--- Exercise input ---
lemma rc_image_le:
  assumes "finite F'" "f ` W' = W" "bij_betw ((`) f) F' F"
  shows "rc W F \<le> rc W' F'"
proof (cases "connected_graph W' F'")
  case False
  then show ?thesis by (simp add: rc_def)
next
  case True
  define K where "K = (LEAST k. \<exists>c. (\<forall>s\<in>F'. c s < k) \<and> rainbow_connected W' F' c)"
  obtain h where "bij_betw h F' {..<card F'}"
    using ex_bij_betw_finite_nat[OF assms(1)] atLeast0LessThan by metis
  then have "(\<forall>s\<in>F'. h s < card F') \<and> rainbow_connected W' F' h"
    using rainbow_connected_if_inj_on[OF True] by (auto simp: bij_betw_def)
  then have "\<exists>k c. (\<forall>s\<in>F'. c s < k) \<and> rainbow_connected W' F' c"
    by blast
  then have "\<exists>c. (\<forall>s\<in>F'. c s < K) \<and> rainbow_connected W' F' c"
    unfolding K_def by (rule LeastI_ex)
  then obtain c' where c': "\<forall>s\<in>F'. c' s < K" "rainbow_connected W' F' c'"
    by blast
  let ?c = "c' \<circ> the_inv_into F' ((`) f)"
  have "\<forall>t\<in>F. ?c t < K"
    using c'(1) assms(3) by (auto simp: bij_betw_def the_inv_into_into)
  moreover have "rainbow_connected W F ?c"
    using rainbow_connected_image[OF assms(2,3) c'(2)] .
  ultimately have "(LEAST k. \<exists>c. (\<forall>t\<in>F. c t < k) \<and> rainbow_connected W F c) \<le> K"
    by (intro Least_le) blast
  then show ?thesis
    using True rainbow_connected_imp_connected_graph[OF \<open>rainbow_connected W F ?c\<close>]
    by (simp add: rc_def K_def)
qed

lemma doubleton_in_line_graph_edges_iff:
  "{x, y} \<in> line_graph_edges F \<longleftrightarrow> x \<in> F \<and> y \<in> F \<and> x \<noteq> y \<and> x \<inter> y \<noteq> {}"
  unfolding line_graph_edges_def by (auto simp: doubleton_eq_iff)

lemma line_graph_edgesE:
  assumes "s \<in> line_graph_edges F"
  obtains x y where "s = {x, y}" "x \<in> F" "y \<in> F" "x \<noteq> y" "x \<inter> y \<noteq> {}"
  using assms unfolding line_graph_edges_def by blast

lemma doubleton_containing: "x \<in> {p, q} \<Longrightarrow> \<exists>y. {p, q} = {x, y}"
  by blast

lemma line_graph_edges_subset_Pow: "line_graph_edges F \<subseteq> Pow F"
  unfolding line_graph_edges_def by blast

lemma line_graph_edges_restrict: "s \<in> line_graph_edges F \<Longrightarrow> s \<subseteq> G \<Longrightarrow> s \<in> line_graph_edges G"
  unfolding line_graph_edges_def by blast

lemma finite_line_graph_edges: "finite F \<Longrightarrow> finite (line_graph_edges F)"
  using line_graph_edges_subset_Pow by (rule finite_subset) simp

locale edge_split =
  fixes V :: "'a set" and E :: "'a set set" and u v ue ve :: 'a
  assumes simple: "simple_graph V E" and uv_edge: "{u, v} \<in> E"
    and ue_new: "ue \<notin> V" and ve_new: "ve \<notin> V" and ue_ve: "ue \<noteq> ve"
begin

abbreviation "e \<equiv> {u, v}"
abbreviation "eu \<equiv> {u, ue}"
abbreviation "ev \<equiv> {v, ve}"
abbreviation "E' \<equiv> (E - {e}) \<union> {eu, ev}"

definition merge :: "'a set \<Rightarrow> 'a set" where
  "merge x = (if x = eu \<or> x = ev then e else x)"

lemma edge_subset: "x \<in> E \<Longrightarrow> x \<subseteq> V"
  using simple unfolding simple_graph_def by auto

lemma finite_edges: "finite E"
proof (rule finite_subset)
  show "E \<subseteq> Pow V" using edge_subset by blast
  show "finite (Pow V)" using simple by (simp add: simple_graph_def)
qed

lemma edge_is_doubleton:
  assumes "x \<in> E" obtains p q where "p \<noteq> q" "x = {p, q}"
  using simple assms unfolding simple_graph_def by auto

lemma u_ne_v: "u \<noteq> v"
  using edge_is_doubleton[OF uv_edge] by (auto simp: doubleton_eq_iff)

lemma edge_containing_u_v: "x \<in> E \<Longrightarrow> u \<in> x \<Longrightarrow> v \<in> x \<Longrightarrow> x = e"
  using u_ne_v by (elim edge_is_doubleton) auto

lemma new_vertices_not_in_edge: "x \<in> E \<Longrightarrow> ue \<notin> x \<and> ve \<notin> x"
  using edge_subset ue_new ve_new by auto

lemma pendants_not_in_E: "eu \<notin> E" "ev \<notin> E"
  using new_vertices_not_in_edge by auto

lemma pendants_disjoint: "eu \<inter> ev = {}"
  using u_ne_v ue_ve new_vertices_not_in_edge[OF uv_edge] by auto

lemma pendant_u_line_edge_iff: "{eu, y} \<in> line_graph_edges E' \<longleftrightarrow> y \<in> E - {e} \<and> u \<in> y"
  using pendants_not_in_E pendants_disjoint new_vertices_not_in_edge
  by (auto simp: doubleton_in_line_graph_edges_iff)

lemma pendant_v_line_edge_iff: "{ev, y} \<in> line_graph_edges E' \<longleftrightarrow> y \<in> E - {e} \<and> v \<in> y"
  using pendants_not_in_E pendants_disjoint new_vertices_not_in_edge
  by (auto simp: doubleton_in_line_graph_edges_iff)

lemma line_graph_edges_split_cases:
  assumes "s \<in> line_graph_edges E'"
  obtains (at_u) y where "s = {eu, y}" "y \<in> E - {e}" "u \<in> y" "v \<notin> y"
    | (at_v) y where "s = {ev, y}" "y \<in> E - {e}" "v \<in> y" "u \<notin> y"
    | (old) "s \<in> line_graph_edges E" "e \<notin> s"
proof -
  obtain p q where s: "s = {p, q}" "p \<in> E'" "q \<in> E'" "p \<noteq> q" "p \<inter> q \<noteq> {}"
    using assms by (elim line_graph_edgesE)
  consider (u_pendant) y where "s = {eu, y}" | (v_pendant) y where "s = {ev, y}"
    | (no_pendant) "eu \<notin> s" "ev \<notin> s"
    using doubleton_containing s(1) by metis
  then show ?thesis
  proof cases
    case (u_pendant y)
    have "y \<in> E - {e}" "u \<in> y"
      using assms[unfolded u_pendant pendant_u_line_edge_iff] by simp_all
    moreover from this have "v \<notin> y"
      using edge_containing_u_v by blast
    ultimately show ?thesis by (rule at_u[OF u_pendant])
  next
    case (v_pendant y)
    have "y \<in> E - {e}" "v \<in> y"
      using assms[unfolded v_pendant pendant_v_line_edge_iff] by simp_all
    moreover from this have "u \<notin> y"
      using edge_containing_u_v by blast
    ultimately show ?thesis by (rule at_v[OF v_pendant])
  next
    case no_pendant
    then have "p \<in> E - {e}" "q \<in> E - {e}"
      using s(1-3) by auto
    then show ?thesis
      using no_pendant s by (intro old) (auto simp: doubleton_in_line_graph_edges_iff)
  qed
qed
---
--- Exercise input ---
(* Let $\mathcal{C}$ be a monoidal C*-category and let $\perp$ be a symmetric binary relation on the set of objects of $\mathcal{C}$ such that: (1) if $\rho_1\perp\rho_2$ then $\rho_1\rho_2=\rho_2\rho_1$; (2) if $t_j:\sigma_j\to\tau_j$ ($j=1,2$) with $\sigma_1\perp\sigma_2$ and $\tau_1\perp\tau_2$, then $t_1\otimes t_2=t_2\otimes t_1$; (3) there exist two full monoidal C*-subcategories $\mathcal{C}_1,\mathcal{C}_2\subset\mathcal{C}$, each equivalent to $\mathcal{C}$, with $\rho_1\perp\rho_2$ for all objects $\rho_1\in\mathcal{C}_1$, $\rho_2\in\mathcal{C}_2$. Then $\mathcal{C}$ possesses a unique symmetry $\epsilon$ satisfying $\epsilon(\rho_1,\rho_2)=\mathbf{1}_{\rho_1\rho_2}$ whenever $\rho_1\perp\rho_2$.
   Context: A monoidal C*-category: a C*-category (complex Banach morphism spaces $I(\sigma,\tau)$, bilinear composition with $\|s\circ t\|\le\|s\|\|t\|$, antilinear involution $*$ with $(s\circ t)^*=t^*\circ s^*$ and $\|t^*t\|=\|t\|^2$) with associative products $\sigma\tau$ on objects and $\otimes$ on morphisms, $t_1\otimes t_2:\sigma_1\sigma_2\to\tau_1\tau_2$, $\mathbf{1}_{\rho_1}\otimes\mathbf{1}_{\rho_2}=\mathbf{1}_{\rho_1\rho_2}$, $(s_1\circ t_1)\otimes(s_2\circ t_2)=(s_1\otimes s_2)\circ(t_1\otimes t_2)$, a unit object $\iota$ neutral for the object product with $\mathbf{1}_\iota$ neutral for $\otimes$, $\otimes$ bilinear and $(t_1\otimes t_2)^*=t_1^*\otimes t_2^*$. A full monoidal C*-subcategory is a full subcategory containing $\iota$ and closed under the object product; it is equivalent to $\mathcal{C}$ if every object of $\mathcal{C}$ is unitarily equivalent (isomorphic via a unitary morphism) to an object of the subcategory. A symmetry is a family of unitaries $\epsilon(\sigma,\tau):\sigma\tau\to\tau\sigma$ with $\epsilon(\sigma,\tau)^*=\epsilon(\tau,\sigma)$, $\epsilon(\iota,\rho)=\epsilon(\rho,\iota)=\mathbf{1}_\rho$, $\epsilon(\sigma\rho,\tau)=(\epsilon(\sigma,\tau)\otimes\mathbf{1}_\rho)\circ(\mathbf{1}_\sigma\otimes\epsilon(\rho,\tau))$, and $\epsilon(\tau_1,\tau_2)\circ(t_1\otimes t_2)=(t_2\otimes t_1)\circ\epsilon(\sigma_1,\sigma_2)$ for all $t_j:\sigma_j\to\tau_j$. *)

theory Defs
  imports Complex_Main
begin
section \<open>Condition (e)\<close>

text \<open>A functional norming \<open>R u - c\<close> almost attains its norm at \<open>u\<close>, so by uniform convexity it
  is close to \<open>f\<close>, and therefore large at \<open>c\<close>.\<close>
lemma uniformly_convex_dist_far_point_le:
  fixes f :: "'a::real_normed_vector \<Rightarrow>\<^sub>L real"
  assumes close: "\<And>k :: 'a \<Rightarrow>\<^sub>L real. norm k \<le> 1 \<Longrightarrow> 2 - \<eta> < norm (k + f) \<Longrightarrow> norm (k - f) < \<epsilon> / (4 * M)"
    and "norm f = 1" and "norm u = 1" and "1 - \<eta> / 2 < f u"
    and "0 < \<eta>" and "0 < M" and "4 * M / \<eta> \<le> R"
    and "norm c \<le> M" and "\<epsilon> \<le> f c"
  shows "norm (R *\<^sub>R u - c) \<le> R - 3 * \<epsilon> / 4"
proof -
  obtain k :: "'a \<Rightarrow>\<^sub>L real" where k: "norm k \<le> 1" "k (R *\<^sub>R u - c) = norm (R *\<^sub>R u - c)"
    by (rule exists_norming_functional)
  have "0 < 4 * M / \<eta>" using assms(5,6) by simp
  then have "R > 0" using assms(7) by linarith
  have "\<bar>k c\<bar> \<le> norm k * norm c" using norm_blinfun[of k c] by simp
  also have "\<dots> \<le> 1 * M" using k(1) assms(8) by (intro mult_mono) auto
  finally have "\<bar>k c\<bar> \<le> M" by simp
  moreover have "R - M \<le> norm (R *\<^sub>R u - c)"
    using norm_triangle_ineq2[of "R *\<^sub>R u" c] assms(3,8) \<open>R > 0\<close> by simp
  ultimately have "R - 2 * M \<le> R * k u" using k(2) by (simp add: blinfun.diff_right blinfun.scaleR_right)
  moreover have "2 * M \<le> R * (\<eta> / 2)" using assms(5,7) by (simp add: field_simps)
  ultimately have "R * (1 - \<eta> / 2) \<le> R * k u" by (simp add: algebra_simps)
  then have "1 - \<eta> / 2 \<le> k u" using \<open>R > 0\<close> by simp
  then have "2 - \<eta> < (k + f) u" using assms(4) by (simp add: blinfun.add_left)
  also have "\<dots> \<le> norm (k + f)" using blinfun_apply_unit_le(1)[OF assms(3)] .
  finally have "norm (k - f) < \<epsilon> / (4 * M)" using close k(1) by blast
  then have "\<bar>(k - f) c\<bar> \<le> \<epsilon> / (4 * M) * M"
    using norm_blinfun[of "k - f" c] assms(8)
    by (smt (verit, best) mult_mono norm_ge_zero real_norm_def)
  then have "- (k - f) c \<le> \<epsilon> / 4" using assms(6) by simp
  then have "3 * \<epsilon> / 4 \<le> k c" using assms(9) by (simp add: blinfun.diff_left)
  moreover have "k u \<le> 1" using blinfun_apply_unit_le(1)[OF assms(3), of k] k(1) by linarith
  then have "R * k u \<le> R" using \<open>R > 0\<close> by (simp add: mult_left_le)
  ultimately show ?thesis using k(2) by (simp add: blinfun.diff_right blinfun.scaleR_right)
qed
---
## Task statement
From the lines above, copy those that contain the word "elim".

## Finished task
  using u_ne_v by (elim edge_is_doubleton) auto
    using assms by (elim line_graph_edgesE)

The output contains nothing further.